• RECORDS FOR THE TASK
text \<open>Properness only guarantees that a minimizer has a finite \<open>f\<close>-value, which is what
  pins down its \<open>v\<close>-component.\<close>

locale prox_admm_step =
  fixes f :: "'u::euclidean_space \<Rightarrow> ereal"
    and Sg :: "'v::euclidean_space \<Rightarrow> 'v" and b :: 'v
    and F :: "'x::euclidean_space \<Rightarrow> 'u" and G :: "'x \<Rightarrow> 'v" and c :: 'x
    and \<sigma> :: real and Eg :: "'v \<Rightarrow> 'v" and Tf :: "'u \<Rightarrow> 'u"
    and ubar :: 'u and vbar :: 'v and xbar :: 'x
    and Tg :: "'v \<Rightarrow> 'v" and Tfh :: "'u \<Rightarrow> 'u" and dg :: 'u and abar :: 'v
  assumes f_not_minf: "\<And>u. f u \<noteq> -\<infinity>"
    and f_proper: "\<exists>u. f u \<noteq> \<infinity>"
    and linear_Sg: "linear Sg" and self_adjoint_Sg: "self_adjoint Sg"
    and linear_F: "linear F" and linear_G: "linear G"
    and sigma_pos: "\<sigma> > 0"
    and linear_Eg: "linear Eg" and self_adjoint_Eg: "self_adjoint Eg" and pd_Eg: "pd Eg"
    and Tg_eq: "Tg = (\<lambda>v. Eg v - (1/\<sigma>) *\<^sub>R Sg v - G (adjoint G v))"
    and Tfh_eq: "Tfh = (\<lambda>u. Tf u + F (adjoint G (inv Eg (G (adjoint F u)))))"
    and dg_eq: "dg = F (adjoint G (inv Eg (b - G xbar - Sg vbar
                    + \<sigma> *\<^sub>R G (c - adjoint F ubar - adjoint G vbar))))"
    and abar_eq: "abar = (1/\<sigma>) *\<^sub>R b + Tg vbar + G (c - (1/\<sigma>) *\<^sub>R xbar)"
begin

abbreviation phi :: "'u \<Rightarrow> 'v \<Rightarrow> real" where
  "phi u v \<equiv> Lsm Sg b F G c \<sigma> u v xbar + \<sigma>/2 * qn Tg (v - vbar)"

abbreviation psi :: "'u \<Rightarrow> real" where
  "psi u \<equiv> Lsm Sg b F G c \<sigma> u vbar xbar + inner dg u + \<sigma>/2 * qn Tf (u - ubar)"

abbreviation vstep :: "'u \<Rightarrow> 'v" where
  "vstep u \<equiv> inv Eg (abar - G (adjoint F u))"

lemma adjoint_F: "inner (adjoint F y) z = inner y (F z)" "inner z (adjoint F y) = inner y (F z)"
  using adjoint_clauses[OF linear_F] by (auto simp: inner_commute)

lemma adjoint_G: "inner (adjoint G y) z = inner y (G z)" "inner z (adjoint G y) = inner y (G z)"
  using adjoint_clauses[OF linear_G] by (auto simp: inner_commute)

lemma Eg_inv: "Eg (inv Eg y) = y" "inv Eg (Eg z) = z"
  using pd_linear_bij[OF linear_Eg pd_Eg] by (simp_all add: bij_is_surj surj_f_inv_f bij_is_inj)

lemma phi_quadratic:
  "phi u v = \<sigma>/2 * inner v (Eg v) - \<sigma> * inner (abar - G (adjoint F u)) v + phi u 0"
proof -
  note lin = linear_simps[OF linear_Sg[unfolded linear_conv_bounded_linear]]
    linear_simps[OF linear_Eg[unfolded linear_conv_bounded_linear]]
    linear_simps[OF linear_F[unfolded linear_conv_bounded_linear]]
    linear_simps[OF linear_G[unfolded linear_conv_bounded_linear]]
    linear_simps[OF adjoint_linear[OF linear_G, unfolded linear_conv_bounded_linear]]
  have sym: "inner vbar (Sg v) = inner v (Sg vbar)" "inner vbar (Eg v) = inner v (Eg vbar)"
    "inner vbar (G (adjoint G v)) = inner v (G (adjoint G vbar))"
    "inner u (F (adjoint G v)) = inner v (G (adjoint F u))"
    using self_adjoint_Sg self_adjoint_Eg unfolding self_adjoint_def
    by (metis inner_commute adjoint_F adjoint_G)+
  show ?thesis
    unfolding Lsm_def gq_def qn_def power2_norm_eq_inner Tg_eq abar_eq
    using sigma_pos
    by (simp add: lin sym inner_add_left inner_add_right inner_diff_left inner_diff_right
        adjoint_G adjoint_F algebra_simps inner_commute)
qed

lemma phi_complete_square: "phi u v = phi u (vstep u) + \<sigma>/2 * qn Eg (v - vstep u)"
proof -
  note square = qn_complete_square[OF linear_Eg self_adjoint_Eg Eg_inv(1)[of "abar - G (adjoint F u)"],
      of \<sigma>]
  have "inner (vstep u) (Eg (vstep u)) = inner (abar - G (adjoint F u)) (vstep u)"
    by (simp add: Eg_inv inner_commute)
  then show ?thesis
    using square[of v] square[of "vstep u"] phi_quadratic[of u v] phi_quadratic[of u "vstep u"]
    by (simp add: inner_commute)
qed

lemma argmin_phi: "{v. is_minimizer (phi u) v} = {vstep u}"
  by (rule argmin_eq_if_quadratic_growth[OF pd_Eg sigma_pos phi_complete_square])

lemma inner_dg: "inner dg u = \<sigma> * inner (vstep ubar - vbar) (G (adjoint F u))"
proof -
  have "Eg (\<sigma> *\<^sub>R (vstep ubar - vbar)) = b - G xbar - Sg vbar
          + \<sigma> *\<^sub>R G (c - adjoint F ubar - adjoint G vbar)"
    using sigma_pos
    by (simp add: linear_scale[OF linear_Eg] linear_diff[OF linear_Eg] Eg_inv abar_eq Tg_eq
        scaleR_diff_right scaleR_add_right linear_diff[OF linear_G] linear_scale[OF linear_G]
        linear_add[OF linear_G] algebra_simps)
  then have "dg = \<sigma> *\<^sub>R F (adjoint G (vstep ubar - vbar))"
    unfolding dg_eq
    by (metis Eg_inv(2) linear_scale[OF linear_F] linear_scale[OF adjoint_linear[OF linear_G]])
  then show ?thesis by (metis adjoint_F(1) adjoint_G(1) inner_commute inner_scaleR_left)
qed

lemma qn_Tfh: "qn Tfh d = qn Tf d + inner (inv Eg (G (adjoint F d))) (G (adjoint F d))"
  unfolding Tfh_eq qn_def by (simp add: inner_add_right) (metis adjoint_F(1) adjoint_G(2) inner_commute)

lemma reduced_objective_eq_psi_plus_const:
  "\<exists>C. \<forall>u. phi u (vstep u) + \<sigma>/2 * qn Tfh (u - ubar) = psi u + C"
proof -
  define K where "K = (\<lambda>u. G (adjoint F u))"
  have linear_K: "linear K"
    unfolding K_def using linear_compose[OF adjoint_linear[OF linear_F] linear_G] by (simp add: o_def)
  have K_apply: "G (adjoint F z) = K z" for z by (simp add: K_def)
  have "phi u (vstep u) + \<sigma>/2 * qn Tfh (u - ubar) - psi u
      = - \<sigma>/2 * inner (vstep ubar) (abar - K ubar) - \<sigma>/2 * inner vbar (Eg vbar)
        + \<sigma> * inner (abar - K ubar) vbar - \<sigma> * inner (vstep ubar - vbar) (K ubar)" for u
  proof -
    have "abar - K u = (abar - K ubar) - K (u - ubar)"
      by (simp add: linear_diff[OF linear_K])
    then have "\<sigma> * inner (vstep u) (abar - K u) = \<sigma> * (inner (vstep ubar) (abar - K ubar)
        - 2 * inner (vstep ubar) (K (u - ubar)) + inner (inv Eg (K (u - ubar))) (K (u - ubar)))"
      using inner_inv_diff[OF linear_Eg self_adjoint_Eg pd_linear_bij[OF linear_Eg pd_Eg]]
      unfolding K_def by metis
    then show ?thesis
      using phi_quadratic[of u "vstep u"] phi_quadratic[of u vbar]
      unfolding qn_Tfh inner_dg K_apply
      by (simp add: Eg_inv linear_diff[OF linear_K] inner_diff_left inner_diff_right
          inner_commute algebra_simps)
  qed
  then show ?thesis by (metis add_diff_cancel_left' diff_add_cancel add.commute)
qed
lemma cong_delta_down:
  assumes "\<alpha> \<notin> \<int>" and "\<forall>a. r a \<noteq> 0 \<longrightarrow> K \<le> a \<and> a \<le> K + int N"
  shows "\<exists>c. cong_delta \<alpha> \<beta> r K c"
  using assms(2)
proof (induction N arbitrary: r)
  case 0
  then have "\<forall>a. r a = act_weight \<alpha> \<beta> 1 0 (\<lambda>_. 0) a + delta K (r K) a"
    by (auto simp: act_weight_def delta_def)
  moreover have "fin_supp1 (\<lambda>_. 0)" by (simp add: fin_supp1_def)
  ultimately show ?case unfolding cong_delta_def by blast
next
  case (Suc N)
  define j where "j = K + int N"
  have j_\<alpha>: "of_int j + \<alpha> \<noteq> 0" using assms(1) by (rule of_int_add_neq_0)
  define w where "w = delta j (- r (j + 1) / (of_int j + \<alpha>))"
  define r' where "r' = (\<lambda>a. r a - act_weight \<alpha> \<beta> 1 0 w a)"
  have "r' a = 0" if "\<not> (K \<le> a \<and> a \<le> K + int N)" for a
  proof (cases "a = j + 1")
    case True
    with j_\<alpha> show ?thesis unfolding r'_def w_def act_weight_delta by (simp add: delta_def field_simps)
  next
    case False
    with that Suc.prems have "r a = 0" and "a \<noteq> j" by (auto simp: j_def)
    with False show ?thesis unfolding r'_def w_def act_weight_delta by (simp add: delta_def)
  qed
  then obtain c w' where w': "fin_supp1 w'" and r': "\<forall>a. r' a = act_weight \<alpha> \<beta> 1 0 w' a + delta K c a"
    using Suc.IH[of r'] unfolding cong_delta_def by blast
  have "r a = act_weight \<alpha> \<beta> 1 0 (\<lambda>a. w' a + w a) a + delta K c a" for a
    using r'[rule_format, of a] unfolding r'_def act_weight_add by (simp add: diff_eq_eq algebra_simps)
  moreover have "fin_supp1 (\<lambda>a. w' a + w a)" using w' by (simp add: w_def fin_supp1_add fin_supp1_delta)
  ultimately show ?case unfolding cong_delta_def by blast
qed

• DIRECTIONS FOR THIS TASK
Nothing but the lines with "close" should be returned, copied from the entries above.

• SOLUTION TO THIS TASK
text \<open>Properness only guarantees that a minimizer has a finite \<open>f\<close>-value, which is what
  pins down its \<open>v\<close>-component.\<close>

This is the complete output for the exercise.